Combinations of LukS-PV with GST∼LukF-PV or of GST∼LukS-PV with LukF-PV led to Ca²⁺ induction in treated cells comparable to the WT proteins (Figure 2(b)). However, the combination of both fusion proteins required a longer time, that is, 4 minutes instead of 2 minutes, to reach a fluorescence maximum. Subsequent decrease of fluorescence is mainly due to the release of the fluorescent probe by pores and disrupted cell membranes.

The permeability to monovalent cations mediated by the pores was measured via the entry of ethidium and its combination with nucleic acids. Despite ethidium fluorescence being less sensitive than Ca²⁺ assay, these two influxes were demonstrated to be independent [7, 24]. Fusion proteins tested alone did not generate entry of Ca²⁺ (not shown) and ethidium (Figure 2(c)). Ethidium entry showed a higher variation than what was observed for calcium, but the fusion proteins retained significant biological activity (Figure 2(c)). The activity of GST∼LukS-PV + LukF-PV lies between those obtained for PVL and for PVL with a 1 : 10 dilution of LukS-PV, whereas the activity of LukS-PV + GST∼LukF-PV was similar to that of PVL with the 1 : 10 dilution of LukS-PV (Figure 2(c)). The combination of both fusion proteins showed a considerably reduced ethidium influx, even if compared with the 1 : 10 dilution of LukS-PV (Figure 2(c)). This difference can again be explained by the steric hindrance caused by GST molecules. After osmotic protection with PEG molecules, all couples involving at least one fusion protein showed decays of the forward light scatter values comparable to those of the WT toxin (Figure 2(d)). The inflexion point calculated for each curve clearly indicated permeability to PEG molecules with a hydrodynamic radius cutoff between 1.12 and 1.2 nm. Thus, the diameter of the leukotoxin pores was not affected by GST fusion proteins [25].
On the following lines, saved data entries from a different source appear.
(* Let $n\geq 2$, $1<p<\infty$, $\epsilon>0$, let $U\subset\mathbb{R}^n$ be a smooth bounded domain and let $u^\epsilon\in C^\infty(U)\cap C^0(\overline U)$ solve $\operatorname{div}\big((|Du^\epsilon|^2+\epsilon)^{\frac{p-2}{2}}Du^\epsilon\big)=0$ in $U$. Let $\mu=(|Du^\epsilon|^2+\epsilon)^{1/2}$. Then $$|D^2u^\epsilon|^2\geq 2|D|Du^\epsilon||^2+\Phi\,(\Delta^N_\infty u^\epsilon)^2$$ almost everywhere in $U$, where $$\Phi=\frac{(p-1)^2}{n-1}-1-\frac{\epsilon}{\mu^2}\cdot\frac{2(p-1)(p-2)}{n-1}+\frac{\epsilon^2}{\mu^4}\cdot\frac{(p-2)^2}{n-1}.$$ If $n=2$, equality holds almost everywhere.
   Context: $|Du^\epsilon|$ is locally Lipschitz, hence differentiable a.e.; at such points where $Du^\epsilon=0$ one has $D|Du^\epsilon|=0$. The normalized infinity Laplacian is defined a.e. by $\Delta^N_\infty u^\epsilon=\langle \frac{Du^\epsilon}{|Du^\epsilon|},D|Du^\epsilon|\rangle$ (interpreted as $0$ where $Du^\epsilon=0$), so that $\Delta^N_\infty u^\epsilon=\langle Du^\epsilon,D^2u^\epsilon Du^\epsilon\rangle/|Du^\epsilon|^2$ where $Du^\epsilon\neq0$. $|D^2u^\epsilon|$ is the Hilbert–Schmidt norm of the Hessian. *)

theory Defs
  imports "HOL-Analysis.Analysis"
begin

definition pderiv_i :: "'n::finite \<Rightarrow> (real^'n \<Rightarrow> real) \<Rightarrow> real^'n \<Rightarrow> real" where
  "pderiv_i i f x = frechet_derivative f (at x) (axis i 1)"

definition grad :: "(real^'n::finite \<Rightarrow> real) \<Rightarrow> real^'n \<Rightarrow> real^'n" where
  "grad f x = (\<chi> i. pderiv_i i f x)"

definition hess :: "(real^'n::finite \<Rightarrow> real) \<Rightarrow> real^'n \<Rightarrow> real^'n^'n" where
  "hess f x = (\<chi> i j. pderiv_i j (\<lambda>y. pderiv_i i f y) x)"

definition hs_norm_sq :: "real^'n::finite^'n \<Rightarrow> real" where
  "hs_norm_sq H = (\<Sum>i\<in>UNIV. \<Sum>j\<in>UNIV. (H $ i $ j)^2)"

primrec Ck_on :: "nat \<Rightarrow> (real^'n::finite) set \<Rightarrow> (real^'n \<Rightarrow> real) \<Rightarrow> bool" where
  "Ck_on 0 U f = continuous_on U f"
| "Ck_on (Suc k) U f = (continuous_on U f \<and> (\<forall>x\<in>U. f differentiable (at x)) \<and>
        (\<forall>i. Ck_on k U (pderiv_i i f)))"

definition smooth_on :: "(real^'n::finite) set \<Rightarrow> (real^'n \<Rightarrow> real) \<Rightarrow> bool" where
  "smooth_on U f = (\<forall>k. Ck_on k U f)"

definition smooth_bounded_domain :: "(real^'n::finite) set \<Rightarrow> bool" where
  "smooth_bounded_domain U \<longleftrightarrow> open U \<and> connected U \<and> bounded U \<and> U \<noteq> {} \<and>
     (\<forall>z\<in>frontier U. \<exists>r>0. \<exists>\<phi>. smooth_on UNIV \<phi> \<and> (\<forall>x\<in>ball z r. grad \<phi> x \<noteq> 0) \<and>
          U \<inter> ball z r = {x\<in>ball z r. \<phi> x < 0})"

text \<open>Normalized infinity Laplacian <Du/|Du|, D|Du|>, interpreted as 0 where Du = 0.\<close>
definition ninf_lap :: "(real^'n::finite \<Rightarrow> real) \<Rightarrow> real^'n \<Rightarrow> real" where
  "ninf_lap f x = (if grad f x = 0 then 0
     else inner ((1 / norm (grad f x)) *\<^sub>R grad f x) (grad (\<lambda>y. norm (grad f y)) x))"

end

(* Where Du(x) \<noteq> 0 put v = Du/|Du|, H = D\<^sup>2u (symmetric by Schwarz) and a = <v, Hv>.  Then
   D|Du| = Hv and the normalized infinity Laplacian is a, while expanding the divergence in the
   equation gives tr H = -(p - 2) |Du|\<^sup>2 a / (|Du|\<^sup>2 + \<epsilon>).  Compressing H to v\<^sup>\<bottom> gives a
   symmetric M with Mv = 0 and |H|\<^sup>2 = 2 |Hv|\<^sup>2 - a\<^sup>2 + |M|\<^sup>2.  Cauchy-Schwarz against the
   projection onto v\<^sup>\<bottom> gives |M|\<^sup>2 \<ge> (tr H - a)\<^sup>2 / (n - 1), with equality for n = 2, where
   M has rank at most one; substituting tr H produces the coefficient \<Phi>.  Where Du(x) = 0 both
   sides vanish as soon as D\<^sup>2u(x) = 0, and the points where some \<partial>\<^sub>k u vanishes while one of
   its partial derivatives does not form a null set, being locally a graph over a hyperplane. *)

theory Submission
  imports Defs
begin

lemma pderiv_i_eqI:
  fixes f :: "real^'n::finite \<Rightarrow> real"
  assumes "(f has_derivative f') (at x)"
  shows "pderiv_i i f x = f' (axis i 1)"
  using frechet_derivative_at[OF assms] by (simp add: pderiv_i_def)

lemma grad_eqI:
  fixes f :: "real^'n::finite \<Rightarrow> real"
  assumes "(f has_derivative (\<lambda>h. c \<bullet> h)) (at x)"
  shows "grad f x = c"
  using pderiv_i_eqI[OF assms] by (simp add: grad_def vec_eq_iff inner_axis)

lemma has_derivative_grad:
  fixes f :: "real^'n::finite \<Rightarrow> real"
  assumes "f differentiable (at x)"
  shows "(f has_derivative (\<lambda>h. grad f x \<bullet> h)) (at x)"
proof -
  let ?f' = "frechet_derivative f (at x)"
  have "?f' h = grad f x \<bullet> h" for h
  proof -
    have "?f' h = ?f' (\<Sum>i\<in>UNIV. h $ i *\<^sub>R axis i 1)"
      by (simp add: basis_expansion flip: scalar_mult_eq_scaleR)
    also have "\<dots> = grad f x \<bullet> h"
      using linear_frechet_derivative[OF assms]
      by (simp add: linear_sum linear_scale grad_def pderiv_i_def inner_vec_def mult.commute)
    finally show ?thesis .
  qed
  then have "?f' = (\<lambda>h. grad f x \<bullet> h)" by (rule ext)
  then show ?thesis
    using frechet_derivative_works[of f "at x"] assms by simp
qed

lemma has_derivative_grad_field:
  fixes u :: "real^'n::finite \<Rightarrow> real"
  assumes "\<And>i. pderiv_i i u differentiable (at x)"
  shows "(grad u has_derivative (\<lambda>h. hess u x *v h)) (at x)"
proof -
  have "((\<lambda>y. pderiv_i i u y) has_derivative (\<lambda>h. (hess u x *v h) $ i)) (at x)" for i
    using has_derivative_grad[OF assms[of i]]
    by (simp add: matrix_vector_mult_def hess_def grad_def inner_vec_def mult.commute)
  then show ?thesis
    by (subst has_derivative_componentwise_within)
       (auto simp: Basis_vec_def inner_axis grad_def)
qed

lemma pderiv_i_mult:
  fixes f g :: "real^'n::finite \<Rightarrow> real"
  assumes "f differentiable (at x)" "g differentiable (at x)"
  shows "pderiv_i i (\<lambda>y. f y * g y) x = f x * pderiv_i i g x + pderiv_i i f x * g x"
  using pderiv_i_eqI[OF has_derivative_mult[OF has_derivative_grad[OF assms(1)] has_derivative_grad[OF assms(2)]]]
  by (simp add: grad_def inner_axis)

lemma Ck_on_2_D:
  assumes "Ck_on 2 U u"
  shows "\<And>x. x \<in> U \<Longrightarrow> u differentiable (at x)"
    and "\<And>i x. x \<in> U \<Longrightarrow> pderiv_i i u differentiable (at x)"
    and "\<And>i j. continuous_on U (pderiv_i j (pderiv_i i u))"
  using assms by (simp_all add: numeral_2_eq_2)

section \<open>Symmetry of the Hessian\<close>

lemma has_real_derivative_along_axis:
  fixes f :: "real^'n::finite \<Rightarrow> real"
  assumes "f differentiable (at (y + t *\<^sub>R axis k 1))"
  shows "((\<lambda>s. f (y + s *\<^sub>R axis k 1)) has_real_derivative pderiv_i k f (y + t *\<^sub>R axis k 1)) (at t)"
proof -
  have "((\<lambda>s. y + s *\<^sub>R axis k 1) has_derivative (\<lambda>s. s *\<^sub>R axis k 1)) (at t)"
    by (auto intro!: derivative_eq_intros)
  from diff_chain_at[OF this has_derivative_grad[OF assms]]
  show ?thesis
    by (simp add: o_def has_field_derivative_def grad_def inner_axis mult_commute_abs)
qed

definition second_difference :: "(real^'n::finite \<Rightarrow> real) \<Rightarrow> 'n \<Rightarrow> 'n \<Rightarrow> real^'n \<Rightarrow> real \<Rightarrow> real" where
  "second_difference f i j x s =
     f (x + s *\<^sub>R axis i 1 + s *\<^sub>R axis j 1) - f (x + s *\<^sub>R axis i 1) - f (x + s *\<^sub>R axis j 1) + f x"

lemma second_difference_commute: "second_difference f i j x s = second_difference f j i x s"
  by (simp add: second_difference_def algebra_simps)

lemma second_difference_mvt:
  fixes f :: "real^'n::finite \<Rightarrow> real"
  assumes "0 < s"
    and diff: "\<And>a b. a \<in> {0..s} \<Longrightarrow> b \<in> {0..s} \<Longrightarrow>
        f differentiable (at (x + a *\<^sub>R axis i 1 + b *\<^sub>R axis j 1)) \<and>
        pderiv_i i f differentiable (at (x + a *\<^sub>R axis i 1 + b *\<^sub>R axis j 1))"
  obtains a b where "a \<in> {0..s}" "b \<in> {0..s}"
    "second_difference f i j x s = s * s * pderiv_i j (pderiv_i i f) (x + a *\<^sub>R axis i 1 + b *\<^sub>R axis j 1)"
proof -
  define ei where "ei = (axis i 1 :: real^'n)"
  define ej where "ej = (axis j 1 :: real^'n)"
  have shift: "x + s *\<^sub>R ej + t *\<^sub>R ei = x + t *\<^sub>R ei + s *\<^sub>R ej" for t
    by (simp add: algebra_simps)
  define \<phi> where "\<phi> t = f (x + s *\<^sub>R ej + t *\<^sub>R ei) - f (x + t *\<^sub>R ei)" for t
  have "(\<phi> has_real_derivative pderiv_i i f (x + s *\<^sub>R ej + t *\<^sub>R ei) - pderiv_i i f (x + t *\<^sub>R ei)) (at t)"
    if "0 \<le> t" "t \<le> s" for t
  proof -
    have "f differentiable (at (x + s *\<^sub>R ej + t *\<^sub>R ei))" "f differentiable (at (x + t *\<^sub>R ei))"
      unfolding shift using diff[of t s] diff[of t 0] that \<open>0 < s\<close> by (auto simp: ei_def ej_def)
    then show ?thesis
      unfolding \<phi>_def ei_def by (intro DERIV_diff has_real_derivative_along_axis)
  qed
  from MVT2[OF \<open>0 < s\<close> this] obtain a where a: "0 < a" "a < s" and \<phi>_diff:
      "\<phi> s - \<phi> 0 = (s - 0) * (pderiv_i i f (x + s *\<^sub>R ej + a *\<^sub>R ei) - pderiv_i i f (x + a *\<^sub>R ei))"
    by blast
  have "((\<lambda>t. pderiv_i i f (x + a *\<^sub>R ei + t *\<^sub>R ej)) has_real_derivative
      pderiv_i j (pderiv_i i f) (x + a *\<^sub>R ei + t *\<^sub>R ej)) (at t)" if "0 \<le> t" "t \<le> s" for t
    using has_real_derivative_along_axis[of "pderiv_i i f" "x + a *\<^sub>R ei" t j] diff[of a t] a that
    unfolding ei_def ej_def by auto
  from MVT2[OF \<open>0 < s\<close> this] obtain b where b: "0 < b" "b < s" and
      "pderiv_i i f (x + a *\<^sub>R ei + s *\<^sub>R ej) - pderiv_i i f (x + a *\<^sub>R ei + 0 *\<^sub>R ej)
         = (s - 0) * pderiv_i j (pderiv_i i f) (x + a *\<^sub>R ei + b *\<^sub>R ej)"
    by blast
  with \<phi>_diff have "\<phi> s - \<phi> 0 = s * s * pderiv_i j (pderiv_i i f) (x + a *\<^sub>R ei + b *\<^sub>R ej)"
    by (simp add: shift)
  moreover have "\<phi> s - \<phi> 0 = second_difference f i j x s"
    unfolding \<phi>_def shift by (simp add: second_difference_def ei_def ej_def)
  ultimately show thesis
    using that[of a b] a b unfolding ei_def ej_def by simp
qed

lemma second_difference_quotient_tendsto:
  fixes f :: "real^'n::finite \<Rightarrow> real"
  assumes "open U" "x \<in> U"
    and "\<And>y. y \<in> U \<Longrightarrow> f differentiable (at y)"
    and "\<And>y. y \<in> U \<Longrightarrow> pderiv_i i f differentiable (at y)"
    and "continuous_on U (pderiv_i j (pderiv_i i f))"
  shows "((\<lambda>s. second_difference f i j x s / (s * s)) \<longlongrightarrow> pderiv_i j (pderiv_i i f) x) (at_right 0)"
proof (rule tendstoI)
  fix e :: real
  assume "e > 0"
  let ?D = "pderiv_i j (pderiv_i i f)"
  have "continuous (at x) ?D"
    using assms(1,2,5) continuous_on_eq_continuous_at by blast
  then obtain d1 where "d1 > 0" and d1: "\<And>y. dist y x < d1 \<Longrightarrow> dist (?D y) (?D x) < e"
    using \<open>e > 0\<close> unfolding continuous_at_eps_delta by blast
  obtain d2 where "d2 > 0" "ball x d2 \<subseteq> U"
    using assms(1,2) open_contains_ball by blast
  define d where "d = min d1 d2"
  have near: "dist (x + a *\<^sub>R axis i 1 + b *\<^sub>R axis j 1) x < d"
    if "a \<in> {0..s}" "b \<in> {0..s}" "s < d / 2" for a b s
  proof -
    have "dist (x + a *\<^sub>R axis i 1 + b *\<^sub>R axis j 1) x = norm (a *\<^sub>R axis i 1 + b *\<^sub>R (axis j 1 :: real^'n))"
      by (simp add: dist_norm)
    also have "\<dots> \<le> norm (a *\<^sub>R (axis i 1 :: real^'n)) + norm (b *\<^sub>R (axis j 1 :: real^'n))"
      by (rule norm_triangle_ineq)
    also have "\<dots> < d"
      using that by simp
    finally show ?thesis .
  qed
  have "dist (second_difference f i j x s / (s * s)) (?D x) < e" if "0 < s" "s < d / 2" for s
  proof -
    have "x + a *\<^sub>R axis i 1 + b *\<^sub>R axis j 1 \<in> U" if "a \<in> {0..s}" "b \<in> {0..s}" for a b
      using near[OF that \<open>s < d / 2\<close>] \<open>ball x d2 \<subseteq> U\<close> by (auto simp: d_def dist_commute)
    then obtain a b where ab: "a \<in> {0..s}" "b \<in> {0..s}" and
      "second_difference f i j x s = s * s * ?D (x + a *\<^sub>R axis i 1 + b *\<^sub>R axis j 1)"
      using second_difference_mvt[OF \<open>0 < s\<close>, of f x i j] assms(3,4) by blast
    then show ?thesis
      using d1 near[OF ab \<open>s < d / 2\<close>] \<open>0 < s\<close> by (simp add: d_def)
  qed
  moreover have "d / 2 > 0"
    using \<open>d1 > 0\<close> \<open>d2 > 0\<close> by (simp add: d_def)
  ultimately show "\<forall>\<^sub>F s in at_right 0. dist (second_difference f i j x s / (s * s)) (?D x) < e"
    unfolding eventually_at_right_field by blast
qed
We aimed at identifying oligomers formed by the fusion proteins (67 and 60 kd, resp.) within the human PMNs membranes to confirm the pore formation. When retrieved from cell membranes, we noticed that oligomers formed by LukS-PV and LukF-PV were very sensitive to detergents (saponin 1% and SDS 0.04%), as we only detected mixtures of monomers and dimers (Figure 3, lane 3). Therefore, we used a cross-linking agent, glutaraldehyde, applied consecutively after the saponin treatment, to help to stabilize the oligomers removed from the membranes in the presence of an excess of cell membrane proteins. Cross-linking proved efficient for both combination of fusion proteins (Figure 3, lanes 4–6), but essentially showed tetramers for all, in spite of the fact that hexamers might be suspected for the LukS-PV + GST∼LukF-PV combination (Figure 3, lane 4, see arrow). The use of anti-LukS-PV and anti-LukF-PV antibodies, alone or in combination, allowed the detection of similar high molecular mass oligomers containing GST fusion leukotoxins (data not shown). The materials were specific for the leukotoxins, since no immunoreactive product was observed when analyzing human PMNs alone (Figure 3, lane 2). The intensity of these bands rapidly decreased while the number of subunits increased. The increase of the steric hindrance due to the fusion GST proteins probably contributes to the intrinsic instability of leukotoxins pores when extracted from membranes and may impact the resolution of the complete oligomers (Figure 3, lanes 4–6). Therefore, we decided to characterize the oligomers for only WT proteins and double cysteine mutants (see below).

Figure 3.

Oligomers formed by PVL and modified toxins. Oligomers were checked in solution or after recovery from treated human PMNs, 3–8% (w/v) SDS-PAGE and immunoblotting with anti-LukS-PV and anti-LukF-PV affinity-purified rabbit antibodies. Lane 1: LukS-PV + LukF-PV without membranes, lane 2: PMNs only, lane 3: GST∼LukS-PV + GST∼LukF-PV, lanes 4, 5, 6: toxins applied on PMNs membranes and then saponin/glutaraldehyde treated and heated 5 minutes at 100°C as described in materials and methods, lane 4: LukS-PV + GST∼LukF-PV, lane 5: GST∼LukS-PV + LukF-PV, lane 6: GST∼LukS-PV + GST∼LukF-PV.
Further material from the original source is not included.